Is it possible to calculate the relative frequency of elements occurring in a list in Python?

For example:

['apple', 'banana', 'apple', 'orange'] # apple for example would be 0.5
Alpine
  • 533
  • 1
  • 6
  • 18
  • `relative frequency of words` What is that? – thefourtheye Mar 21 '15 at 03:56
  • Possible duplicate of http://stackoverflow.com/questions/2600191/how-can-i-count-the-occurrences-of-a-list-item-in-python – Daniel Mar 21 '15 at 04:00
  • 2
    @Alpine, this really sounds like you are asking for us to do your homework. This program is not too difficult. You will want to check the length of the list and you will want to use dictionaries. – skyler Mar 21 '15 at 04:01

5 Answers5

9

You can use NLTK for this:

import ntlk
text = ['apple', 'banana', 'apple', 'orange']
fd = nltk.FreqDist(text)

Check out the tutorial in the book the how to and the source code

Alternately, you could use a Counter:

from collections import Counter
text = ['apple', 'banana', 'apple', 'orange']
c = Counter(text)
craighagerman
  • 373
  • 2
  • 8
  • 1
    Isn't NLTK overkill for this? – matsjoyce Mar 24 '15 at 18:12
  • Is NLTK overkill? Depends. If you have NLTK installed already it has the 'batteries included' to calculate Frequency distributions and print out stats (most_common etc) which I find very useful. I do a lot of NLP work and find NLTK very useful. It is hardly overkill for me - just a useful tool for a particular job.
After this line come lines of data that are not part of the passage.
text \<open>The logical-zero modes 0 and 2 are attenuated by beam splitters of transmissivity t into
  the vacuum modes 4 and 5; the logical-one modes 1 and 3 interfere with the vacuum mode 6 in a
  three-mode network whose amplitude t^2 + y^2 on the input 11 carries the phase.\<close>

definition cphase_network :: "real \<Rightarrow> real \<Rightarrow> real \<Rightarrow> complex \<Rightarrow> nat \<Rightarrow> nat \<Rightarrow> complex" where
  "cphase_network t \<tau> g y i j =
     [[t, 0, 0, 0, \<tau>, 0, 0],
      [0, t, 0, y, 0, 0, g],
      [0, 0, t, 0, 0, \<tau>, 0],
      [0, y, 0, t, 0, 0, -g],
      [\<tau>, 0, 0, 0, -t, 0, 0],
      [0, 0, \<tau>, 0, 0, -t, 0],
      [0, g, 0, -g, 0, 0, -(t - cnj y)]] ! i ! j"

lemma unitary_cphase_network:
  assumes "t\<^sup>2 + \<tau>\<^sup>2 = 1" and "cmod (t + y) = 1" and "g\<^sup>2 = 2 * t * Re y"
  shows "unitary_mat 7 (cphase_network t \<tau> g y)"
proof -
  have ty: "(t + y) * (t + cnj y) = 1"
    using assms(2) complex_norm_square[of "t + y"] by simp
  have beam_splitter: "complex_of_real t * t + complex_of_real \<tau> * \<tau> = 1"
    using assms(1) by (simp flip: of_real_mult of_real_add add: power2_eq_square)
  have col13: "complex_of_real t * (y + cnj y) = complex_of_real g * g"
    using assms(3) by (simp flip: of_real_mult add: complex_add_cnj power2_eq_square mult.assoc)
  have col1: "complex_of_real t * t + cnj y * y + complex_of_real g * g = 1"
    unfolding col13[symmetric] ty[symmetric] by (simp add: algebra_simps)
  have col6: "2 * (complex_of_real g * g) + (t - y) * (t - cnj y) = 1"
    unfolding col13[symmetric] ty[symmetric] by (simp add: algebra_simps)
  show ?thesis
    unfolding unitary_mat_def
    apply (simp add: eval_nat_numeral lessThan_Suc less_Suc_eq)
    apply (simp add: cphase_network_def)
    using beam_splitter col1 col13 col6 by (auto simp: algebra_simps)
qed

lemma postsel_amp_cphase_network:
  assumes "y\<^sup>2 = t\<^sup>2 * (w - 1)"
  shows "postsel_amp (cphase_network t \<tau> g y) c1 c2 b1 b2 = t\<^sup>2 * phase_gate w c1 c2 b1 b2"
  using assms
  by (cases c1; cases c2; cases b1; cases b2)
    (simp_all add: postsel_amp_def mode1_def mode2_def cphase_network_def phase_gate_def
      power2_eq_square algebra_simps)

lemma implements_cphase_optimal:
  "\<exists>V. implements_cphase 7 V \<phi> (optimal_cphase_prob (exp (\<i> * complex_of_real \<phi>)))"
proof -
  define w where "w = exp (\<i> * complex_of_real \<phi>)"
  define r where "r = csqrt (w - 1)"
  define t where "t = 1 / cmod (1 + r)"
  define y where "y = t * r"
  \<comment> \<open>y^2 = t^2 (w - 1) gives the phase and cmod (t + y) = 1 gives unitarity\<close>
  have r1: "1 \<le> cmod (1 + r)"
    unfolding r_def by (rule one_le_cmod_one_plus_csqrt)
  then have r0: "0 < cmod (1 + r)" by linarith
  with r1 have t: "0 < t" "t \<le> 1"
    unfolding t_def by (simp_all add: divide_le_eq)
  have ty: "complex_of_real t + y = t * (1 + r)"
    by (simp add: y_def algebra_simps)
  have "t\<^sup>2 + (sqrt (1 - t\<^sup>2))\<^sup>2 = 1"
    using t by (simp add: power_le_one)
  moreover have "cmod (t + y) = 1"
    using r0 unfolding ty by (simp add: norm_mult norm_divide t_def)
  moreover have "(sqrt (2 * t * Re y))\<^sup>2 = 2 * t * Re y"
    using t Re_csqrt[of "w - 1", folded r_def] by (simp add: y_def)
  ultimately have U: "unitary_mat 7 (cphase_network t (sqrt (1 - t\<^sup>2)) (sqrt (2 * t * Re y)) y)"
    by (rule unitary_cphase_network)
  have "y\<^sup>2 = t\<^sup>2 * (w - 1)"
    by (simp add: y_def r_def power_mult_distrib)
  note amp = postsel_amp_cphase_network[OF this]
  have opt: "optimal_cphase_prob w = (t\<^sup>2)\<^sup>2"
    by (simp add: optimal_cphase_prob_def t_def r_def power_divide flip: power_mult)
  then have "sqrt (optimal_cphase_prob w) = t\<^sup>2"
    by (simp only: real_sqrt_abs abs_power2)
  moreover have "optimal_cphase_prob w > 0"
    using opt t by simp
  ultimately have "implements_cphase 7 (cphase_network t (sqrt (1 - t\<^sup>2)) (sqrt (2 * t * Re y)) y)
      \<phi> (optimal_cphase_prob w)"
    unfolding implements_cphase_def cphase_entry_eq_phase_gate w_def[symmetric]
    using U amp by (intro conjI exI[of _ 1]) auto
  then show ?thesis unfolding w_def by blast
qed

lemma Re_exp_i_minus_one: "Re (exp (\<i> * complex_of_real \<phi>) - 1) = - 2 * (sin (\<phi> / 2))\<^sup>2"
  using cos_double_sin[of "\<phi> / 2"] by (simp flip: cis_conv_exp)
(* Let $\kappa>-1$, $\Gamma$ a constant real $n\times r$ matrix, and assume that $\kappa=1$ or $\Gamma=0$. Then the equations $$\dot X=P-(1+2\kappa)XP^TX,\qquad \dot P=(1+2\kappa)PX^TP-\Gamma+X\Lambda,\qquad \Lambda=\tfrac12\left(-2P^TP+X^T\Gamma+\Gamma^TX\right)$$ on $T^*V(n,r)$ are equivalent to the matrix equations $$\frac{d}{dt}L(\lambda)=[L(\lambda),A(\lambda)]$$ with spectral parameter $\lambda$, where $L(\lambda),A(\lambda)\in so(n+r)$ are $$L(\lambda)=\begin{pmatrix}-\lambda\Phi & X+\lambda^2\Gamma\\ -X^T-\lambda^2\Gamma^T & \lambda\kappa\Psi\end{pmatrix},\qquad A(\lambda)=\begin{pmatrix}-\Phi & \lambda\Gamma\\ -\lambda\Gamma^T & \kappa\Psi\end{pmatrix},$$ with $\Phi=PX^T-XP^T$ and $\Psi=X^TP-P^TX$.
   Context: $V(n,r)=\{X\in M_{n,r}(\mathbb R):X^TX=\mathbf I_r\}$, and $T^*V(n,r)$ is realized as the set of pairs $(X,P)$ of real $n\times r$ matrices with $X^TX=\mathbf I_r$, $X^TP+P^TX=0$. The given equations are the Hamiltonian flow of the pendulum Hamiltonian $\frac12\operatorname{tr}(P^TP)-\frac{1+2\kappa}{2}\operatorname{tr}((XP^T)^2)+\operatorname{tr}(X^T\Gamma)$ (for $\Gamma=0$, the geodesic flow of the Jensen metric $ds^2_\kappa$). *)

theory Defs
  imports "HOL-Analysis.Analysis"
begin

text \<open>Matrices are rendered as real^'c^'r (rows indexed by 'r, columns by 'c).
  An (n+r)x(n+r) block matrix is indexed by the sum type 'n + 'r.\<close>

definition blockmat ::
  "real^'r^'n \<Rightarrow> real^'c^'n \<Rightarrow> real^'r^'c \<Rightarrow> real^'c^'c \<Rightarrow> real^('r + 'c)^('n + 'c)"
  where "blockmat A B C D = (\<chi> i j. (case i of
            Inl a \<Rightarrow> (case j of Inl b \<Rightarrow> A $ a $ b | Inr b \<Rightarrow> B $ a $ b)
          | Inr a \<Rightarrow> (case j of Inl b \<Rightarrow> C $ a $ b | Inr b \<Rightarrow> D $ a $ b)))"

text \<open>Cotangent bundle of the Stiefel manifold V(n,r), realized as pairs (X,P).\<close>
definition in_TStiefel :: "real^'r^'n \<Rightarrow> real^'r^'n \<Rightarrow> bool"
  where "in_TStiefel X P \<longleftrightarrow> transpose X ** X = mat 1 \<and> transpose X ** P + transpose P ** X = 0"

definition Phi_mat :: "real^'r^'n \<Rightarrow> real^'r^'n \<Rightarrow> real^'n^'n"
  where "Phi_mat X P = P ** transpose X - X ** transpose P"

definition Psi_mat :: "real^'r^'n \<Rightarrow> real^'r^'n \<Rightarrow> real^'r^'r"
  where "Psi_mat X P = transpose X ** P - transpose P ** X"

definition Lax_L :: "real \<Rightarrow> real^'r^'n \<Rightarrow> real \<Rightarrow> real^'r^'n \<Rightarrow> real^'r^'n \<Rightarrow> real^('n + 'r)^('n + 'r)"
  where "Lax_L \<kappa> \<Gamma> lam X P = blockmat (- (lam *\<^sub>R Phi_mat X P)) (X + lam\<^sup>2 *\<^sub>R \<Gamma>)
            (- transpose X - lam\<^sup>2 *\<^sub>R transpose \<Gamma>) ((lam * \<kappa>) *\<^sub>R Psi_mat X P)"

definition Lax_A :: "real \<Rightarrow> real^'r^'n \<Rightarrow> real \<Rightarrow> real^'r^'n \<Rightarrow> real^'r^'n \<Rightarrow> real^('n + 'r)^('n + 'r)"
  where "Lax_A \<kappa> \<Gamma> lam X P = blockmat (- Phi_mat X P) (lam *\<^sub>R \<Gamma>)
            (- (lam *\<^sub>R transpose \<Gamma>)) (\<kappa> *\<^sub>R Psi_mat X P)"

end

theory Submission
  imports Defs
begin

text \<open>Differentiating the entries of
  L(\<lambda>) and comparing coefficients of \<lambda> with those of [L(\<lambda>), A(\<lambda>)] turns
  the Lax equation into three block equations: the X-equation itself, and prescribed
  derivatives of \<Phi> and \<kappa>\<Psi>. On T*V(n,r) the pendulum flow satisfies all three, using
  X^T X = 1 and X^T P = - P^T X; for the \<kappa>\<Psi> block one needs \<kappa> = 1 or \<Gamma> = 0.
  Conversely, the derivative of P is pinned down by the \<Phi>-equation together with the
  differentiated constraint X^T P + P^T X = 0, because a tangent vector Q at X with
  Q X^T = X Q^T vanishes.\<close>

interpretation matrix_mult: bounded_bilinear "(**) :: real^'n^'m \<Rightarrow> real^'p^'n \<Rightarrow> real^'p^'m"
  unfolding bilinear_conv_bounded_bilinear[symmetric] bilinear_def
  by (auto intro!: linearI simp: matrix_matrix_mult_def vec_eq_iff sum.distrib sum_distrib_left algebra_simps)

lemma linear_transpose: "linear (transpose :: real^'n^'m \<Rightarrow> real^'m^'n)"
  by (rule linearI) (simp_all add: transpose_def vec_eq_iff)

lemmas matrix_algebra =
  matrix_mult.add_left matrix_mult.add_right matrix_mult.diff_left matrix_mult.diff_right
  matrix_mult.minus_left matrix_mult.minus_right matrix_mult.scaleR_left matrix_mult.scaleR_right
  linear_add[OF linear_transpose] linear_diff[OF linear_transpose] linear_neg[OF linear_transpose]
  transpose_scalar matrix_transpose_mul matrix_mul_assoc[symmetric]
lemma below_det_succ_subset:
  assumes q: "q \<in> Vd i"
  shows "below (Suc i) (det_succ i q) \<subseteq> det_succ i ` below i q"
proof
  fix x
  assume "x \<in> below (Suc i) (det_succ i q)"
  then have x: "x \<in> Vd (Suc i)" and less: "least_seq (Suc i) x < least_seq (Suc i) (det_succ i q)"
    by (simp_all add: below_def)
  have "x \<in> V (Suc i)" using x by (simp add: Vd_iff)
  then obtain p where p: "p \<in> V i" "(p, w i, x) \<in> trans A"
    and p_seq: "least_seq (Suc i) x = least_seq i p @ [Ord x]"
    by (rule least_seq_Suc)
  have q_V: "q \<in> V i" "q \<in> Qd" using q by (simp_all add: Vd_iff)
  have "least_seq i p @ [Ord x] < least_seq i q @ [Ord (det_succ i q)]"
    using less p_seq least_seq_Suc_le[OF q_V(1) det_succ_trans[OF q_V(2)]] by simp
  then have le: "least_seq i p \<le> least_seq i q"
    using length_least_seq p(1) q_V(1) by (auto simp: snoc_less_snoc_iff)
  have p_Qd: "p \<in> Qd"
    using p(1) q le by (rule Qd_if_least_seq_le)
  have "p \<noteq> q"
    using less p(2) det_succ_unique[OF q_V(2)] by auto
  then have "least_seq i p \<noteq> least_seq i q"
    using least_seq_inj[of p i q] p(1) p_Qd q by (auto simp: Vd_iff)
  then have "p \<in> below i q"
    using order.not_eq_order_implies_strict[OF _ le] p(1) p_Qd by (simp add: below_def Vd_iff)
  moreover have "det_succ i p = x"
    using det_succ_unique[OF p_Qd p(2)] by simp
  ultimately show "x \<in> det_succ i ` below i q" by blast
qed

lemma below_trans: "p \<in> below i q \<Longrightarrow> below i p \<subseteq> below i q"
  unfolding below_def by (auto elim: order.strict_trans)

lemma card_below_det_succ_le:
  assumes "q \<in> Vd i"
  shows "card (below (Suc i) (det_succ i q)) \<le> card (det_succ i ` below i q)"
  by (rule card_mono[OF finite_imageI[OF finite_below] below_det_succ_subset[OF assms]])

lemma Ind_det_succ_le:
  assumes "q \<in> Vd i"
  shows "Ind (Suc i) (det_succ i q) \<le> Ind i q"
proof -
  have "card (below (Suc i) (det_succ i q)) \<le> card (det_succ i ` below i q)"
    using assms by (rule card_below_det_succ_le)
  also have "\<dots> \<le> card (below i q)"
    by (rule card_image_le[OF finite_below])
  finally show ?thesis using assms det_succ_Vd by (simp add: Ind_eq_card_below)
qed

lemma inj_on_det_succ_below:
  assumes "q \<in> Vd i" "Ind (Suc i) (det_succ i q) = Ind i q"
  shows "inj_on (det_succ i) (below i q)"
proof -
  have "card (below (Suc i) (det_succ i q)) \<le> card (det_succ i ` below i q)"
    using assms(1) by (rule card_below_det_succ_le)
  moreover have "card (det_succ i ` below i q) \<le> card (below i q)"
    by (rule card_image_le[OF finite_below])
  moreover have "card (below (Suc i) (det_succ i q)) = card (below i q)"
    using assms det_succ_Vd by (simp add: Ind_eq_card_below)
  ultimately have "card (det_succ i ` below i q) = card (below i q)"
    by linarith
  then show ?thesis
    using inj_on_iff_eq_card[OF finite_below] by blast
qed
But if you aren't doing any NLP work and are just doing a one-off frequency distribution, then it is overkill. That is why I gave two options. – craighagerman Mar 25 '15 at 18:46
  • 2
    Thats not the relative frequency. Its just the counts. The relative frequency would have been {apple : 0.5, banana : 0.25, orange : 0.25} – Isbister Mar 06 '17 at 13:41
  • See below for an answer without third party requirements: https://stackoverflow.com/a/58412985. This is a question, that is not (at all) specific to NLP, so 1) the majority of people having a similar issue won't have this issue in the context of NLP and 2) even in that case it should not be assumed that people have nltk installed, due to the variety of NLP frameworks out there. That's regarding the first answer; the second part does not solve the question asked, since it returns absolute frequencies, whereas the question asked for relative frequencies. – pedjjj Apr 19 '20 at 11:31
4

The following snippet does exactly what the question asks for: given a Counter() object, return a dict that contains the same keys but with relative frequencies as values. No third party library required.

def counter_to_relative(counter):
    total_count = sum(counter.values())
    relative = {}
    for key in counter:
        relative[key] = counter[key] / total_count
    return relative
pedjjj
  • 958
  • 3
  • 18
  • 40
3

This simple code will do the job, returns a list of tuples but you can adapt it easily.

lst = ['apple', 'banana', 'apple', 'orange']
counts = [(word, lst.count(word) / len(lst)) for word in set(lst)] 

It will return the relative frequencies of each word as below:

[('orange', 0.25), ('banana', 0.25), ('apple', 0.5)]

Note that :

  1. iterate over set(lst) to avoid duplicates
  2. divide the lst.count by len(lst) to get relative frequencies
Ram
  • 31
  • 2
2

You can do this pretty easily by just counting the number of times the element occurs in the list.

def relative_frequency(lst, element):
    return lst.count(element) / float(len(lst))

words = ['apple', 'banana', 'apple', 'orange']
print(relative_frequency(words, 'apple'))
petabyte
  • 1,487
  • 4
  • 15
  • 31
0

Make a dictionary with words as keys, and times of occurence as values. After you have this dictionary you can divide each value by length of list of words.

justanothercoder
  • 1,830
  • 1
  • 16
  • 27